Stochastically defined attributes - The other common characteristic of all particle systems is the introduction of some type of random element. This random element can be used to control the particle attributes such as position, velocity and color. Usually the random element is controlled by some type of predefined stochastic limits, such as bounds, variance, or type of distribution.
Each object in Reeves particle system had the following
Velocity (speed and direction)
Particle Life Cycle
Each particle goes through three distinct phases in the particle system: generation, dynamics, and death. These phases are described in more detail here:
Generation - Particles in the system are generated randomly within a predetermined location of the fuzzy object. This space is termed the generation shape of the fuzzy object, and this generation shape may change over time. Each of the above mentioned attribute is given an initial value. These initial values may be fixed or may be determined by a stochastic process.

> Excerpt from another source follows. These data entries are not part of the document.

(* Let $\omega$ be a Schwarz-type function, $F=\ell\circ\omega$, and let $\varphi(z)=\lambda z$ with $|\lambda|=1$, and suppose $T_{F,\varphi}(f)\in\mathcal{P}$ for every $f\in\mathcal{P}$. Then the set of fixed points of $T_{F,\varphi}$ in $\mathcal{P}$ is: (a) all of $\mathcal{P}$ if $\lambda=1$; (b) the set of functions $f(z)=g(z^n)$ with $g\in\mathcal{P}$, if $\lambda^n=1$ with $n>1$ the smallest positive integer such that $\lambda^n=1$; (c) only the constant function $1$, if $\lambda^n\ne1$ for all positive integers $n$.
   Context: $\mathbb{D}$ is the open unit disk. $\mathcal{P}$ is the set of analytic $f$ on $\mathbb{D}$ with $\mathrm{Re}\,f>0$ and $f(0)=1$. A Schwarz-type function is an analytic $\omega:\mathbb{D}\to\mathbb{D}$ with $\omega(0)=0$. $\ell(z)=\frac{1+z}{1-z}$. $T_{F,\varphi}(f)=F\cdot(f\circ\varphi)$. *)

theory Defs
  imports "HOL-Complex_Analysis.Complex_Analysis"
begin

definition unit_disk :: "complex set" where
  "unit_disk = ball 0 1"

definition carP :: "(complex \<Rightarrow> complex) set" where
  "carP = {f. f holomorphic_on unit_disk \<and> (\<forall>z\<in>unit_disk. Re (f z) > 0) \<and> f 0 = 1}"

definition schwarz_type :: "(complex \<Rightarrow> complex) \<Rightarrow> bool" where
  "schwarz_type w \<longleftrightarrow> w holomorphic_on unit_disk \<and> w ` unit_disk \<subseteq> unit_disk \<and> w 0 = 0"
lemma served_mass_Suc:
  assumes "1 \<le> t" "t < K"
  shows "zlev (t + 1) * (served_mass t - served_mass (t + 1)) = gen t 0 - gen (t + 1) 0"
proof -
  have "zlev (t + 1) * (served_mass t - served_mass (t + 1))
      = expect (\<lambda>n. zlev (t + 1) * (served_weight t n - served_weight (t + 1) n))"
    using assms by (simp add: served_mass_def expect_diff)
  also have "\<dots> = expect (\<lambda>n. of_bool (qlen t n = 0) * weight t n
      - of_bool (qlen (t + 1) n = 0) * weight (t + 1) n)"
    using served_weight_Suc[OF assms(2)] by (intro expect_cong) simp
  also have "\<dots> = gen t 0 - gen (t + 1) 0"
    using assms by (simp add: expect_diff gen_def)
  finally show ?thesis .
qed

subsection \<open>Solving the relations\<close>

lemma prob_qlen_has_sum: "(prob_qlen t has_sum 1) UNIV"
proof -
  have "prob_qlen t = (\<lambda>l. \<Sum>\<^sub>\<infinity>n\<in>{n\<in>\<Omega>. qlen t n = l}. P n)"
    unfolding prob_qlen_def expect_def by (intro ext infsum_cong_neutral) auto
  then show ?thesis
    using has_sum_fibres[OF P_has_sum, of "qlen t"] by simp
qed

lemma gen_tendsto_0:
  assumes "1 \<le> t"
  shows "gen t \<longlonglongrightarrow> 0"
proof (rule tendsto_sandwich[OF _ _ tendsto_const])
  have "summable (prob_qlen t)"
    using has_sum_imp_sums[OF prob_qlen_has_sum] by (rule sums_summable)
  then show "prob_qlen t \<longlonglongrightarrow> 0"
    by (rule summable_LIMSEQ_zero)
  show "\<forall>\<^sub>F l in sequentially. 0 \<le> gen t l"
    unfolding gen_def using weight_bounds[OF assms]
    by (intro always_eventually allI expect_nonneg) simp
  show "\<forall>\<^sub>F l in sequentially. gen t l \<le> prob_qlen t l"
    unfolding gen_def prob_qlen_def using assms weight_bounds[OF assms]
    by (intro always_eventually allI expect_mono) simp_all
qed

lemma sigma_nonneg: "t \<le> K \<Longrightarrow> 0 \<le> sigma r t"
  unfolding sigma_def using r_nonneg by (intro sum_nonneg) auto

lemma prob_qlen_K_0: "prob_qlen K 0 = 1 - R"
proof -
  have R: "0 \<le> R" "R < 1"
    using sigma_nonneg load_lt_1 by auto
  have "prob_qlen K l = R ^ l * prob_qlen K 0" for l
    by (induction l) (simp_all add: prob_qlen_K_Suc)
  then have "(prob_qlen K has_sum 1) UNIV \<longleftrightarrow> ((\<lambda>l. R ^ l * prob_qlen K 0) has_sum 1) UNIV"
    by (intro has_sum_cong)
  then have "((\<lambda>l. R ^ l * prob_qlen K 0) has_sum 1) UNIV"
    using prob_qlen_has_sum by blast
  moreover have "((\<lambda>l. R ^ l * prob_qlen K 0) has_sum (1 / (1 - R) * prob_qlen K 0)) UNIV"
    using R by (intro has_sum_cmult_left sums_nonneg_imp_has_sum geometric_sums) auto
  ultimately have "1 / (1 - R) * prob_qlen K 0 = 1"
    by (rule has_sum_unique[rotated])
  then show ?thesis
    using R by (simp add: field_simps)
qed

lemma beta_tail_le: "1 \<le> t \<Longrightarrow> t \<le> K \<Longrightarrow> beta_tail t \<le> R - sigma r t"
proof -
  assume t: "1 \<le> t" "t \<le> K"
  have "R - sigma r t = (\<Sum>k=t+1..K. r k)"
    using sum.ub_add_nat[of 1 t r "K - t"] t by (simp add: sigma_def)
  moreover have "beta_tail t \<le> (\<Sum>k=t+1..K. r k)"
    unfolding beta_tail_def
  proof (rule sum_mono)
    fix k assume "k \<in> {t+1..K}"
    then show "r k * zlev k \<le> r k"
      using t zlev_bounds[of k] r_nonneg by (auto intro: mult_left_le)
  qed
  ultimately show ?thesis
    by simp
qed

lemma beta_tail_eq: "t \<le> K \<Longrightarrow> beta_tail t = beta K r z (K - t)"
  unfolding beta_tail_def beta_def zlev_def
  by (rule sum.reindex_bij_witness[where i="\<lambda>k. K + 1 - k" and j="\<lambda>k. K + 1 - k"]) auto

lemma gen_geometric:
  assumes t: "1 \<le> t" "t \<le> K"
  shows "gen t l = zeta_minus K r z (K - t) ^ l * gen t 0"
proof -
  have "gen t l = ((1 + R - beta_tail t - sqrt ((1 + R - beta_tail t)\<^sup>2 - 4 * sigma r t)) / 2) ^ l
      * gen t 0"
    using sigma_nonneg[OF t(2)] beta_tail_le[OF t] gen_recurrence[OF t] gen_tendsto_0[OF t(1)]
    by (intro decaying_solution_of_recurrence) auto
  then show ?thesis
    using t by (simp add: zeta_minus_def Let_def beta_tail_eq)
qed

lemma zeta_plus_mult_gen_0:
  assumes t: "1 \<le> t" "t \<le> K"
  shows "zeta_plus K r z (K - t) * gen t 0 = prob_qlen K 0 + served_mass t"
proof -
  have "zeta_plus K r z (K - t) = 1 + R - beta_tail t - zeta_minus K r z (K - t)"
    using t by (simp add: zeta_plus_def zeta_minus_def Let_def beta_tail_eq field_simps)
  then have "zeta_plus K r z (K - t) * gen t 0
      = (1 + R - beta_tail t) * gen t 0 - zeta_minus K r z (K - t) * gen t 0"
    by (simp only: left_diff_distrib)
  also have "\<dots> = prob_qlen K 0 + served_mass t"
    using gen_0_eq[OF t] gen_geometric[OF t, of 1] by simp
  finally show ?thesis .
qed

lemma gen_0_Suc:
  assumes t: "1 \<le> t" "t < K"
  shows "gen t 0 * (1 - zlev (t + 1) * zeta_plus K r z (K - t))
    = gen (t + 1) 0 * (1 - zlev (t + 1) * zeta_plus K r z (K - (t + 1)))"
  using zeta_plus_mult_gen_0[of t] zeta_plus_mult_gen_0[of "t + 1"] served_mass_Suc[OF t] t
  by (simp add: algebra_simps)

lemma gen_0_product:
  assumes nz: "\<forall>\<kappa> \<in> {1..K-1}. 1 - z \<kappa> * zeta_plus K r z \<kappa> \<noteq> 0"
  shows "\<kappa> < K \<Longrightarrow> gen (K - \<kappa>) 0
    = (1 - R) * (\<Prod>j=1..\<kappa>. (1 - z j * zeta_plus K r z (j - 1)) / (1 - z j * zeta_plus K r z j))"
proof (induction \<kappa>)
  case 0
  then show ?case
    by (simp add: gen_K_0 prob_qlen_K_0)
next
  case (Suc \<kappa>)
  have zlev: "zlev (K - \<kappa>) = z (Suc \<kappa>)"
    using Suc.prems by (simp add: zlev_def)
  have "gen (K - Suc \<kappa>) 0 * (1 - z (Suc \<kappa>) * zeta_plus K r z (Suc \<kappa>))
      = gen (K - \<kappa>) 0 * (1 - z (Suc \<kappa>) * zeta_plus K r z \<kappa>)"
    using gen_0_Suc[of "K - Suc \<kappa>"] Suc.prems by (simp add: zlev Suc_diff_Suc)
  moreover have "1 - z (Suc \<kappa>) * zeta_plus K r z (Suc \<kappa>) \<noteq> 0"
    using nz Suc.prems by simp
  ultimately show ?case
    using Suc by (simp add: field_simps)
qed

lemma Gfun_eq_gen: "Gfun K P l z = gen 1 l"
  unfolding Gfun_def gen_def expect_def
proof (rule infsum_cong_neutral)
  fix n assume "n \<in> {n \<in> \<Omega>. n 1 = l} \<inter> \<Omega>"
  then show "P n * (\<Prod>j=2..K. z (K + 1 - j) ^ n j) = P n * (of_bool (qlen 1 n = l) * weight 1 n)"
    by (simp add: qlen_def weight_def zlev_def numeral_2_eq_2)
qed (auto simp: qlen_def)

theorem Gfun_formula:
  assumes "\<forall>\<kappa> \<in> {1..K-1}. 1 - z \<kappa> * zeta_plus K r z \<kappa> \<noteq> 0"
  shows "Gfun K P l z = (1 - R) * zeta_minus K r z (K - 1) ^ l *
    (\<Prod>\<kappa>=1..K-1. (1 - z \<kappa> * zeta_plus K r z (\<kappa> - 1)) / (1 - z \<kappa> * zeta_plus K r z \<kappa>))"
  using Gfun_eq_gen gen_geometric[OF order_refl K_pos, of l] gen_0_product[OF assms, of "K - 1"] K_pos
  by simp

end

theorem mainTheorem2:
  fixes K :: nat and r :: "nat \<Rightarrow> real" and P :: "(nat \<Rightarrow> nat) \<Rightarrow> real"
    and l :: nat and z :: "nat \<Rightarrow> real"
  assumes K2: "K \<ge> 2"
    and rpos: "\<forall>k \<in> {1..K}. r k > 0"
    and rlt1: "(\<Sum>k=1..K. r k) < 1"
    and Pbal: "balance K r P"
    and Pnonneg: "\<forall>n \<in> states K. P n \<ge> 0"
    and Psum: "(P has_sum 1) (states K)"
    and zrange: "\<forall>\<kappa> \<in> {1..K-1}. 0 \<le> z \<kappa> \<and> z \<kappa> < 1"
    and znz: "\<forall>\<kappa> \<in> {1..K-1}. 1 - z \<kappa> * zeta_plus K r z \<kappa> \<noteq> 0"
  shows "Gfun K P l z =
     (1 - (\<Sum>k=1..K. r k)) * zeta_minus K r z (K - 1) ^ l *
     (\<Prod>\<kappa>=1..K-1. (1 - z \<kappa> * zeta_plus K r z (\<kappa> - 1)) / (1 - z \<kappa> * zeta_plus K r z \<kappa>))"
proof -
  interpret priority_queue K r P z
    using K2 rpos rlt1 Pbal Pnonneg Psum zrange
    by unfold_locales (auto simp: sigma_def less_imp_le)
  show ?thesis
    using Gfun_formula[OF znz] by (simp only: sigma_def)
qed

end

Particle Dynamics - The attributes of each of the particles may vary over time. For example, the color of a particle in an explosion may get darker as it gets further from the center of the explosion, indicating that it is cooling off. In general, each of the particle attributes can be specified by a parametric equation with time as the parameter. Particle attributes can be functions of both time and other particle attributes. For example, particle position is going to be dependent on previous particle position and velocity as well as time.
Extinction - Each particle has two attributes dealing with length of existence: age and lifetime. Age is the time that the particle has been alive (measured in frames), this value is always initialized to 0 when the particle is created. Lifetime is the maximum amount of time that the particle can live (measured in frames). When the particle age matches it's lifetime it is destroyed. In addition there may be other criteria for terminating a particle prematurely:
Running out of bounds - If a particle moves out of the viewing area and will not reenter it, then there is no reason to keep the particle active.
Hitting the ground - It may be assumed that particles that run into the ground burn out and can no longer be seen.
Some attribute reaches a threshold - For example, if the particle color is so close to black that it will not contribute any color to the final image, then it can be safely destroyed.
When rendering this system of thousands of particles, some assumptions have to be made to simplify the process. First, each particle is rendered to a small graphical primitive (blob). Particles that map to the same pixels in the image are additive - the color of a pixel is simply the sum of the color values of all the particles that map to it. Because of this assumption, no hidden surface algorithms are needed to render the image, the particles are simply rendered in order. Effects like temporal ant-aliasing (motion blur) are made simple by the particle system process. The position and velocity are known for each particle. By rendering a particle as a streak, motion blur can be achieved.